> What is being asked:
Take from the material every line that contains the word "imports".

####

(* Let $F$ be a Hilbert space and $E$ an $\mathcal{L}_{\infty}$ space. Then every mapping $f:E\rightarrow F$ that is analytic at $a\in E$ is almost $2$-summing at $a$. In particular, every entire mapping $f:E\rightarrow F$ is almost $2$-summing at every point of $E$.
   Context: $(r_j)$ are the Rademacher functions. For a finite sequence $(x_j)_{j=1}^k$ in $E$, $\Vert(x_{j})_{j=1}^k\Vert_{w,2}:=\sup_{\varphi\in B_{E'}}(\sum_{j=1}^k|\varphi(x_{j})|^{2})^{1/2}$. $f$ is almost $2$-summing at $a$ if there exist $C_a,\epsilon_a,r_a>0$ with $(\int_{0}^{1}\Vert\sum_{j=1}^{k}(f(a+x_{j})-f(a))r_{j}(t)\Vert^{2}dt)^{1/2}\leq C_{a}\Vert(x_{j})_{j=1}^{k}\Vert_{w,2}^{r_{a}}$ for all $k$ and $x_1,\dots,x_k\in E$ with $\Vert(x_{j})_{j=1}^{k}\Vert_{w,2}<\epsilon_{a}$. "Analytic at $a$" means $f(a+x)=f(a)+\sum_{k\ge1}\frac1{k!}\hat d^kf(a)(x)$ near $x=0$ with continuous $k$-homogeneous polynomials satisfying $\Vert\frac1{k!}\hat d^kf(a)\Vert\le Cc^k$; entire means analytic everywhere with the series converging on all of $E$. *)

theory Defs
  imports "HOL-Analysis.Analysis"
begin

definition rademacher :: "nat \<Rightarrow> real \<Rightarrow> real" where
  "rademacher j t = sgn (sin (2 ^ j * pi * t))"

definition dual_ball :: "('a::real_normed_vector \<Rightarrow> real) set" where
  "dual_ball = {\<phi>. bounded_linear \<phi> \<and> onorm \<phi> \<le> 1}"

definition weak2_norm :: "nat \<Rightarrow> (nat \<Rightarrow> 'a::real_normed_vector) \<Rightarrow> real" where
  "weak2_norm k x = Sup ((\<lambda>\<phi>. sqrt (\<Sum>j\<in>{1..k}. \<bar>\<phi> (x j)\<bar>^2)) ` dual_ball)"

definition almost_2_summing_at :: "('a::real_normed_vector \<Rightarrow> 'b::real_normed_vector) \<Rightarrow> 'a \<Rightarrow> bool" where
  "almost_2_summing_at f a \<longleftrightarrow>
     (\<exists>C \<epsilon> r. C > 0 \<and> \<epsilon> > 0 \<and> r > 0 \<and>
        (\<forall>k (x :: nat \<Rightarrow> 'a). weak2_norm k x < \<epsilon> \<longrightarrow>
           sqrt (integral {0..1} (\<lambda>t. (norm (\<Sum>j\<in>{1..k}. rademacher j t *\<^sub>R (f (a + x j) - f a)))^2))
             \<le> C * weak2_norm k x powr r))"

definition cont_multilinear :: "nat \<Rightarrow> ((nat \<Rightarrow> 'a::real_normed_vector) \<Rightarrow> 'b::real_normed_vector) \<Rightarrow> bool" where
  "cont_multilinear k A \<longleftrightarrow>
     (\<forall>v w. (\<forall>i<k. v i = w i) \<longrightarrow> A v = A w) \<and>
     (\<forall>i<k. \<forall>v. linear (\<lambda>y. A (v(i := y)))) \<and>
     (\<exists>K. \<forall>v. norm (A v) \<le> K * (\<Prod>i<k. norm (v i)))"

definition cont_hom_poly :: "nat \<Rightarrow> ('a::real_normed_vector \<Rightarrow> 'b::real_normed_vector) \<Rightarrow> bool" where
  "cont_hom_poly k P \<longleftrightarrow> (\<exists>A. cont_multilinear k A \<and> (\<forall>x. P x = A (\<lambda>_. x)))"

definition analytic_at_pt :: "('a::real_normed_vector \<Rightarrow> 'b::real_normed_vector) \<Rightarrow> 'a \<Rightarrow> bool" where
  "analytic_at_pt f a \<longleftrightarrow>
     (\<exists>P C c \<delta>. \<delta> > 0 \<and> (\<forall>k\<ge>1. cont_hom_poly k (P k)) \<and>
        (\<forall>k\<ge>1. \<forall>x. norm (P k x) \<le> C * c ^ k * norm x ^ k) \<and>
        (\<forall>x. norm x < \<delta> \<longrightarrow> (\<lambda>k. P (Suc k) x) sums (f (a + x) - f a)))"

definition entire_map :: "('a::real_normed_vector \<Rightarrow> 'b::real_normed_vector) \<Rightarrow> bool" where
  "entire_map f \<longleftrightarrow>
     (\<forall>a. \<exists>P C c. (\<forall>k\<ge>1. cont_hom_poly k (P k)) \<and>
        (\<forall>k\<ge>1. \<forall>x. norm (P k x) \<le> C * c ^ k * norm x ^ k) \<and>
        (\<forall>x. (\<lambda>k. P (Suc k) x) sums (f (a + x) - f a)))"

(* sup norm on l_infty^n, realised as functions nat => real supported on {..<n} *)
definition linf_norm :: "nat \<Rightarrow> (nat \<Rightarrow> real) \<Rightarrow> real" where
  "linf_norm n y = Max (insert 0 ((\<lambda>i. \<bar>y i\<bar>) ` {..<n}))"

definition fin_dim_subspace :: "'a::real_vector set \<Rightarrow> bool" where
  "fin_dim_subspace M \<longleftrightarrow> subspace M \<and> (\<exists>B. finite B \<and> M = span B)"

(* N is lambda-isomorphic to l_infty^n: Banach-Mazur distance d(N, l_infty^n) <= lambda *)
definition close_to_linf :: "real \<Rightarrow> 'a::real_normed_vector set \<Rightarrow> bool" where
  "close_to_linf lam N \<longleftrightarrow>
     (\<exists>n T. (\<forall>x y. T (x + y) = (\<lambda>i. T x i + T y i)) \<and>
        (\<forall>c x. T (c *\<^sub>R x) = (\<lambda>i. c * T x i)) \<and> bij_betw T N {y :: nat \<Rightarrow> real. \<forall>i\<ge>n. y i = 0} \<and>
        (\<forall>x\<in>N. linf_norm n (T x) \<le> norm x \<and> norm x \<le> lam * linf_norm n (T x)))"

definition L_infty_space :: "'a::real_normed_vector itself \<Rightarrow> bool" where
  "L_infty_space _ \<longleftrightarrow>
     (\<exists>lam\<ge>1. \<forall>M :: 'a set. fin_dim_subspace M \<longrightarrow>
        (\<exists>N. fin_dim_subspace N \<and> M \<subseteq> N \<and> close_to_linf lam N))"

end

theory Submission
  imports Defs
begin

lemma sum_PiE_insert:
  assumes "i \<notin> K"
  shows "(\<Sum>f\<in>Pi\<^sub>E (insert i K) T. F f) = (\<Sum>x\<in>T i. \<Sum>f\<in>Pi\<^sub>E K T. F (f(i := x)))"
  using inj_combinator[OF assms, of T]
  by (simp add: PiE_insert_eq sum.reindex sum.cartesian_product case_prod_unfold)

definition signs :: "'i set \<Rightarrow> ('i \<Rightarrow> real) set" where
  "signs J = J \<rightarrow>\<^sub>E {-1, 1}"

definition sign_avg :: "'i set \<Rightarrow> (('i \<Rightarrow> real) \<Rightarrow> real) \<Rightarrow> real" where
  "sign_avg J g = (\<Sum>\<epsilon>\<in>signs J. g \<epsilon>) / 2 ^ card J"

lemma card_signs: "finite J \<Longrightarrow> card (signs J) = 2 ^ card J"
  unfolding signs_def by (simp add: card_PiE numeral_2_eq_2)

lemma signs_abs: "\<epsilon> \<in> signs J \<Longrightarrow> j \<in> J \<Longrightarrow> \<bar>\<epsilon> j\<bar> = 1"
  unfolding signs_def by (auto simp: PiE_iff)

lemma signs_iff: "\<epsilon> \<in> signs J \<longleftrightarrow> (\<forall>j\<in>J. \<bar>\<epsilon> j\<bar> = 1) \<and> \<epsilon> \<in> extensional J"
  unfolding signs_def PiE_iff by (auto simp: abs_if split: if_splits)

lemma signs_mult_self: "\<epsilon> \<in> signs J \<Longrightarrow> j \<in> J \<Longrightarrow> \<epsilon> j * \<epsilon> j = 1"
  using signs_abs by (metis abs_mult_self_eq mult_1)

lemma sign_avg_cong: "(\<And>\<epsilon>. \<epsilon> \<in> signs J \<Longrightarrow> f \<epsilon> = g \<epsilon>) \<Longrightarrow> sign_avg J f = sign_avg J g"
  unfolding sign_avg_def by (metis (no_types, lifting) sum.cong)

lemma sign_avg_const [simp]: "finite J \<Longrightarrow> sign_avg J (\<lambda>_. c) = c"
  unfolding sign_avg_def by (simp add: card_signs)

lemma sign_avg_add: "sign_avg J (\<lambda>\<epsilon>. f \<epsilon> + g \<epsilon>) = sign_avg J f + sign_avg J g"
  unfolding sign_avg_def by (simp add: sum.distrib add_divide_distrib)

lemma sign_avg_cmult: "sign_avg J (\<lambda>\<epsilon>. c * f \<epsilon>) = c * sign_avg J f"
  unfolding sign_avg_def by (simp add: sum_distrib_left)

lemma sign_avg_sum: "sign_avg J (\<lambda>\<epsilon>. \<Sum>i\<in>I. f i \<epsilon>) = (\<Sum>i\<in>I. sign_avg J (f i))"
  unfolding sign_avg_def by (simp add: sum.swap[of _ I] sum_divide_distrib)

lemma sign_avg_mono: "(\<And>\<epsilon>. \<epsilon> \<in> signs J \<Longrightarrow> f \<epsilon> \<le> g \<epsilon>) \<Longrightarrow> sign_avg J f \<le> sign_avg J g"
  unfolding sign_avg_def by (intro divide_right_mono sum_mono) auto

lemma sign_avg_nonneg: "(\<And>\<epsilon>. \<epsilon> \<in> signs J \<Longrightarrow> 0 \<le> f \<epsilon>) \<Longrightarrow> 0 \<le> sign_avg J f"
  unfolding sign_avg_def by (intro divide_nonneg_nonneg sum_nonneg) auto

lemma sign_avg_insert:
  assumes "finite J" "j \<notin> J"
  shows "sign_avg (insert j J) g = (sign_avg J (\<lambda>\<epsilon>. g (\<epsilon>(j := 1))) + sign_avg J (\<lambda>\<epsilon>. g (\<epsilon>(j := -1)))) / 2"
proof -
  have "(\<Sum>\<epsilon>\<in>signs (insert j J). g \<epsilon>) = (\<Sum>s\<in>{-1, 1}. \<Sum>\<epsilon>\<in>signs J. g (\<epsilon>(j := s)))"
    unfolding signs_def by (rule sum_PiE_insert[OF assms(2)])
  then show ?thesis
    unfolding sign_avg_def using assms by (simp add: field_simps)
qed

####

> Result of the task:
  imports "HOL-Analysis.Analysis"
  imports Defs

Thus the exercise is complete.